--- START ---
lemma rhs_escape_rate:
  assumes "0 < t0" "0 < E"
    and low: "\<And>s k. s \<in> {-\<tau>..t0} \<Longrightarrow> - E \<le> x s $ k"
    and bounded: "\<And>s k. s \<in> {-\<tau>..t0} \<Longrightarrow> \<bar>x s $ k\<bar> \<le> R"
    and "x t0 $ j = - E"
  shows "0 < rhs t0 $ j + (Cvh * R / min (Nv 0) Nstar + Chv * R + 1) * E"
proof -
  define Nmin where "Nmin = min (Nv 0) Nstar"
  have "0 < Nmin" unfolding Nmin_def using Nv_pos[of 0] tau Nstar_pos by simp
  have "t0 \<in> {-\<tau>..t0}" using \<open>0 < t0\<close> tau by simp
  then have "0 \<le> R" using bounded[of t0 1] by linarith
  have delayed: "- (R * E / Nmin) \<le> x (t0 - \<tau>) $ 4 / Nv (t0 - \<tau>) * x (t0 - \<tau>) $ 1"
  proof (cases "t0 - \<tau> \<le> 0")
    case True
    then have "0 \<le> x (t0 - \<tau>) $ 4 / Nv (t0 - \<tau>) * x (t0 - \<tau>) $ 1"
      using x_init_nonneg[of "t0 - \<tau>"] \<open>0 < t0\<close> by simp
    moreover have "0 \<le> R * E / Nmin" using \<open>0 \<le> R\<close> \<open>0 < E\<close> \<open>0 < Nmin\<close> by simp
    ultimately show ?thesis by linarith
  next
    case False
    then show ?thesis
      using low bounded Nv_ge_min[of "t0 - \<tau>"] \<open>0 < E\<close> \<open>0 < Nmin\<close> tau
      unfolding Nmin_def by (intro divide_mult_ge_neg_of_bounds) auto
  qed
  show ?thesis
    unfolding Nmin_def[symmetric]
  proof (rule vf_quasi_positive_perturbed[OF _ _ _ _ _ _ \<open>0 < E\<close> \<open>0 < Nmin\<close> _ _ _ delayed])
    show "Nmin \<le> Nv t0" unfolding Nmin_def using Nv_ge_min \<open>0 < t0\<close> by simp
  qed (use low bounded \<open>t0 \<in> {-\<tau>..t0}\<close> \<open>x t0 $ j = - E\<close> bh bv mh mv cvh chv in auto)
qed

lemma x_nth_bounded_on:
  obtains R where "\<And>s j. s \<in> {-\<tau>..T} \<Longrightarrow> \<bar>x s $ j\<bar> \<le> R"
proof -
  have "compact (x ` {-\<tau>..T})"
    by (rule compact_continuous_image[OF continuous_on_subset[OF x_continuous]]) auto
  then have "bounded (x ` {-\<tau>..T})" by (rule compact_imp_bounded)
  then obtain R where "\<forall>y\<in>x ` {-\<tau>..T}. norm y \<le> R" unfolding bounded_iff by blast
  then show ?thesis
    using component_le_norm_cart order_trans that by (metis image_eqI)
qed

lemma x_perturbed_positive:
  assumes "0 < T"
  obtains K where "\<And>\<eta> t i. 0 < \<eta> \<Longrightarrow> t \<in> {0..T} \<Longrightarrow> 0 < x t $ i + \<eta> * exp (K * t)"
proof -
  obtain R where R: "\<And>s j. s \<in> {-\<tau>..T} \<Longrightarrow> \<bar>x s $ j\<bar> \<le> R"
    using x_nth_bounded_on[where T = T] by blast
  define K where "K = Cvh * R / min (Nv 0) Nstar + Chv * R + 1"
  have "0 \<le> K"
    unfolding K_def using R[of 0 1] tau \<open>0 < T\<close> Nv_pos[of 0] Nstar_pos cvh chv by simp
  have "0 < x t $ i + \<eta> * exp (K * t)" if "0 < \<eta>" "t \<in> {0..T}" for \<eta> t i
  proof (rule barrier_principle[where I = UNIV and g = "\<lambda>j t. x t $ j + \<eta> * exp (K * t)"])
    show "continuous_on {0..T} (\<lambda>t. x t $ j + \<eta> * exp (K * t))" for j
      by (intro continuous_intros continuous_on_subset[OF x_nth_continuous_from[of 0]]) auto
    show "0 < x 0 $ j + \<eta> * exp (K * 0)" for j
      using x_init_nonneg[of 0 j] tau \<open>0 < \<eta>\<close> by simp
  next
    fix j t0
    assume "0 < t0" "t0 \<le> T" and before: "\<forall>k\<in>UNIV. \<forall>s\<in>{0..t0}. 0 \<le> x s $ k + \<eta> * exp (K * s)"
      and zero: "x t0 $ j + \<eta> * exp (K * t0) = 0"
    define E where "E = \<eta> * exp (K * t0)"
    have low: "- E \<le> x s $ k" if "s \<in> {-\<tau>..t0}" for s k
    proof (cases "s \<le> 0")
      case True
      moreover have "0 < E" unfolding E_def using \<open>0 < \<eta>\<close> by simp
      ultimately show ?thesis using x_init_nonneg[of s k] that by simp
    next
      case False
      then have "0 \<le> x s $ k + \<eta> * exp (K * s)" using before that by simp
      moreover have "K * s \<le> K * t0" using mult_left_mono[of s t0 K] that \<open>0 \<le> K\<close> by simp
      then have "\<eta> * exp (K * s) \<le> E" unfolding E_def using \<open>0 < \<eta>\<close> by simp
      ultimately show ?thesis by linarith
    qed
    have "0 < rhs t0 $ j + K * E"
      unfolding K_def
    proof (rule rhs_escape_rate[OF \<open>0 < t0\<close> _ low])
      show "0 < E" unfolding E_def using \<open>0 < \<eta>\<close> by simp
      show "\<bar>x s $ k\<bar> \<le> R" if "s \<in> {-\<tau>..t0}" for s k using R[of s k] that \<open>t0 \<le> T\<close> by simp
      show "x t0 $ j = - E" using zero unfolding E_def by simp
    qed
    moreover have "((\<lambda>t. x t $ j + \<eta> * exp (K * t)) has_real_derivative rhs t0 $ j + K * E) (at t0)"
      unfolding E_def using x_nth_deriv[OF \<open>0 < t0\<close>]
      by (auto intro!: derivative_eq_intros simp: algebra_simps)
    ultimately show "\<exists>l>0. ((\<lambda>t. x t $ j + \<eta> * exp (K * t)) has_real_derivative l) (at t0)"
      by blast
  qed (use that in auto)
  then show ?thesis by (rule that)
qed

lemma x_nonneg:
  assumes "- \<tau> \<le> t" shows "0 \<le> x t $ i"
proof (cases "t \<le> 0")
  case True
  then show ?thesis using x_init_nonneg assms by simp
next
  case False
  then have "0 < t" by simp
  then obtain K where K: "\<And>\<eta> s j. 0 < \<eta> \<Longrightarrow> s \<in> {0..t} \<Longrightarrow> 0 < x s $ j + \<eta> * exp (K * s)"
    using x_perturbed_positive by blast
  show ?thesis
  proof (rule ccontr)
    assume "\<not> 0 \<le> x t $ i"
    then have "0 < - x t $ i / (2 * exp (K * t))" by (simp add: divide_neg_pos)
    from K[OF this, of t i] show False using \<open>\<not> 0 \<le> x t $ i\<close> \<open>0 < t\<close> by simp
  qed
qed

lemma eventually_x_nth_nonneg: "eventually (\<lambda>t. 0 \<le> x t $ i) at_top"
  using eventually_ge_at_top[of 0]
proof eventually_elim
  case (elim t)
  then show ?case using tau by (intro x_nonneg) simp
qed

lemma liminf_x_nth_nonneg: "liminf_ge (\<lambda>t. x t $ i) 0"
  by (rule liminf_ge_if_eventually_ge[OF eventually_x_nth_nonneg])

lemma S_h_deriv_le: "0 < t \<Longrightarrow> rhs t $ 1 \<le> \<beta>h - \<mu>h * x t $ 1"
  using x_nonneg[of t] tau cvh by (simp add: vf_nth)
--- END ---
▸ **Exercise**:
Reproduce the listing above character for character.

▸ **Output of the exercise**:
lemma rhs_escape_rate:
  assumes "0 < t0" "0 < E"
    and low: "\<And>s k. s \<in> {-\<tau>..t0} \<Longrightarrow> - E \<le> x s $ k"
    and bounded: "\<And>s k. s \<in> {-\<tau>..t0} \<Longrightarrow> \<bar>x s $ k\<bar> \<le> R"
    and "x t0 $ j = - E"
  shows "0 < rhs t0 $ j + (Cvh * R / min (Nv 0) Nstar + Chv * R + 1) * E"
proof -
  define Nmin where "Nmin = min (Nv 0) Nstar"
  have "0 < Nmin" unfolding Nmin_def using Nv_pos[of 0] tau Nstar_pos by simp
  have "t0 \<in> {-\<tau>..t0}" using \<open>0 < t0\<close> tau by simp
  then have "0 \<le> R" using bounded[of t0 1] by linarith
  have delayed: "- (R * E / Nmin) \<le> x (t0 - \<tau>) $ 4 / Nv (t0 - \<tau>) * x (t0 - \<tau>) $ 1"
  proof (cases "t0 - \<tau> \<le> 0")
    case True
    then have "0 \<le> x (t0 - \<tau>) $ 4 / Nv (t0 - \<tau>) * x (t0 - \<tau>) $ 1"
      using x_init_nonneg[of "t0 - \<tau>"] \<open>0 < t0\<close> by simp
    moreover have "0 \<le> R * E / Nmin" using \<open>0 \<le> R\<close> \<open>0 < E\<close> \<open>0 < Nmin\<close> by simp
    ultimately show ?thesis by linarith
  next
    case False
    then show ?thesis
      using low bounded Nv_ge_min[of "t0 - \<tau>"] \<open>0 < E\<close> \<open>0 < Nmin\<close> tau
      unfolding Nmin_def by (intro divide_mult_ge_neg_of_bounds) auto
  qed
  show ?thesis
    unfolding Nmin_def[symmetric]
  proof (rule vf_quasi_positive_perturbed[OF _ _ _ _ _ _ \<open>0 < E\<close> \<open>0 < Nmin\<close> _ _ _ delayed])
    show "Nmin \<le> Nv t0" unfolding Nmin_def using Nv_ge_min \<open>0 < t0\<close> by simp
  qed (use low bounded \<open>t0 \<in> {-\<tau>..t0}\<close> \<open>x t0 $ j = - E\<close> bh bv mh mv cvh chv in auto)
qed

lemma x_nth_bounded_on:
  obtains R where "\<And>s j. s \<in> {-\<tau>..T} \<Longrightarrow> \<bar>x s $ j\<bar> \<le> R"
proof -
  have "compact (x ` {-\<tau>..T})"
    by (rule compact_continuous_image[OF continuous_on_subset[OF x_continuous]]) auto
  then have "bounded (x ` {-\<tau>..T})" by (rule compact_imp_bounded)
  then obtain R where "\<forall>y\<in>x ` {-\<tau>..T}. norm y \<le> R" unfolding bounded_iff by blast
  then show ?thesis
    using component_le_norm_cart order_trans that by (metis image_eqI)
qed

lemma x_perturbed_positive:
  assumes "0 < T"
  obtains K where "\<And>\<eta> t i. 0 < \<eta> \<Longrightarrow> t \<in> {0..T} \<Longrightarrow> 0 < x t $ i + \<eta> * exp (K * t)"
proof -
  obtain R where R: "\<And>s j. s \<in> {-\<tau>..T} \<Longrightarrow> \<bar>x s $ j\<bar> \<le> R"
    using x_nth_bounded_on[where T = T] by blast
  define K where "K = Cvh * R / min (Nv 0) Nstar + Chv * R + 1"
  have "0 \<le> K"
    unfolding K_def using R[of 0 1] tau \<open>0 < T\<close> Nv_pos[of 0] Nstar_pos cvh chv by simp
  have "0 < x t $ i + \<eta> * exp (K * t)" if "0 < \<eta>" "t \<in> {0..T}" for \<eta> t i
  proof (rule barrier_principle[where I = UNIV and g = "\<lambda>j t. x t $ j + \<eta> * exp (K * t)"])
    show "continuous_on {0..T} (\<lambda>t. x t $ j + \<eta> * exp (K * t))" for j
      by (intro continuous_intros continuous_on_subset[OF x_nth_continuous_from[of 0]]) auto
    show "0 < x 0 $ j + \<eta> * exp (K * 0)" for j
      using x_init_nonneg[of 0 j] tau \<open>0 < \<eta>\<close> by simp
  next
    fix j t0
    assume "0 < t0" "t0 \<le> T" and before: "\<forall>k\<in>UNIV. \<forall>s\<in>{0..t0}. 0 \<le> x s $ k + \<eta> * exp (K * s)"
      and zero: "x t0 $ j + \<eta> * exp (K * t0) = 0"
    define E where "E = \<eta> * exp (K * t0)"
    have low: "- E \<le> x s $ k" if "s \<in> {-\<tau>..t0}" for s k
    proof (cases "s \<le> 0")
      case True
      moreover have "0 < E" unfolding E_def using \<open>0 < \<eta>\<close> by simp
      ultimately show ?thesis using x_init_nonneg[of s k] that by simp
    next
      case False
      then have "0 \<le> x s $ k + \<eta> * exp (K * s)" using before that by simp
      moreover have "K * s \<le> K * t0" using mult_left_mono[of s t0 K] that \<open>0 \<le> K\<close> by simp
      then have "\<eta> * exp (K * s) \<le> E" unfolding E_def using \<open>0 < \<eta>\<close> by simp
      ultimately show ?thesis by linarith
    qed
    have "0 < rhs t0 $ j + K * E"
      unfolding K_def
    proof (rule rhs_escape_rate[OF \<open>0 < t0\<close> _ low])
      show "0 < E" unfolding E_def using \<open>0 < \<eta>\<close> by simp
      show "\<bar>x s $ k\<bar> \<le> R" if "s \<in> {-\<tau>..t0}" for s k using R[of s k] that \<open>t0 \<le> T\<close> by simp
      show "x t0 $ j = - E" using zero unfolding E_def by simp
    qed
    moreover have "((\<lambda>t. x t $ j + \<eta> * exp (K * t)) has_real_derivative rhs t0 $ j + K * E) (at t0)"
      unfolding E_def using x_nth_deriv[OF \<open>0 < t0\<close>]
      by (auto intro!: derivative_eq_intros simp: algebra_simps)
    ultimately show "\<exists>l>0. ((\<lambda>t. x t $ j + \<eta> * exp (K * t)) has_real_derivative l) (at t0)"
      by blast
  qed (use that in auto)
  then show ?thesis by (rule that)
qed

lemma x_nonneg:
  assumes "- \<tau> \<le> t" shows "0 \<le> x t $ i"
proof (cases "t \<le> 0")
  case True
  then show ?thesis using x_init_nonneg assms by simp
next
  case False
  then have "0 < t" by simp
  then obtain K where K: "\<And>\<eta> s j. 0 < \<eta> \<Longrightarrow> s \<in> {0..t} \<Longrightarrow> 0 < x s $ j + \<eta> * exp (K * s)"
    using x_perturbed_positive by blast
  show ?thesis
  proof (rule ccontr)
    assume "\<not> 0 \<le> x t $ i"
    then have "0 < - x t $ i / (2 * exp (K * t))" by (simp add: divide_neg_pos)
    from K[OF this, of t i] show False using \<open>\<not> 0 \<le> x t $ i\<close> \<open>0 < t\<close> by simp
  qed
qed

lemma eventually_x_nth_nonneg: "eventually (\<lambda>t. 0 \<le> x t $ i) at_top"
  using eventually_ge_at_top[of 0]
proof eventually_elim
  case (elim t)
  then show ?case using tau by (intro x_nonneg) simp
qed

lemma liminf_x_nth_nonneg: "liminf_ge (\<lambda>t. x t $ i) 0"
  by (rule liminf_ge_if_eventually_ge[OF eventually_x_nth_nonneg])

lemma S_h_deriv_le: "0 < t \<Longrightarrow> rhs t $ 1 \<le> \<beta>h - \<mu>h * x t $ 1"
  using x_nonneg[of t] tau cvh by (simp add: vf_nth)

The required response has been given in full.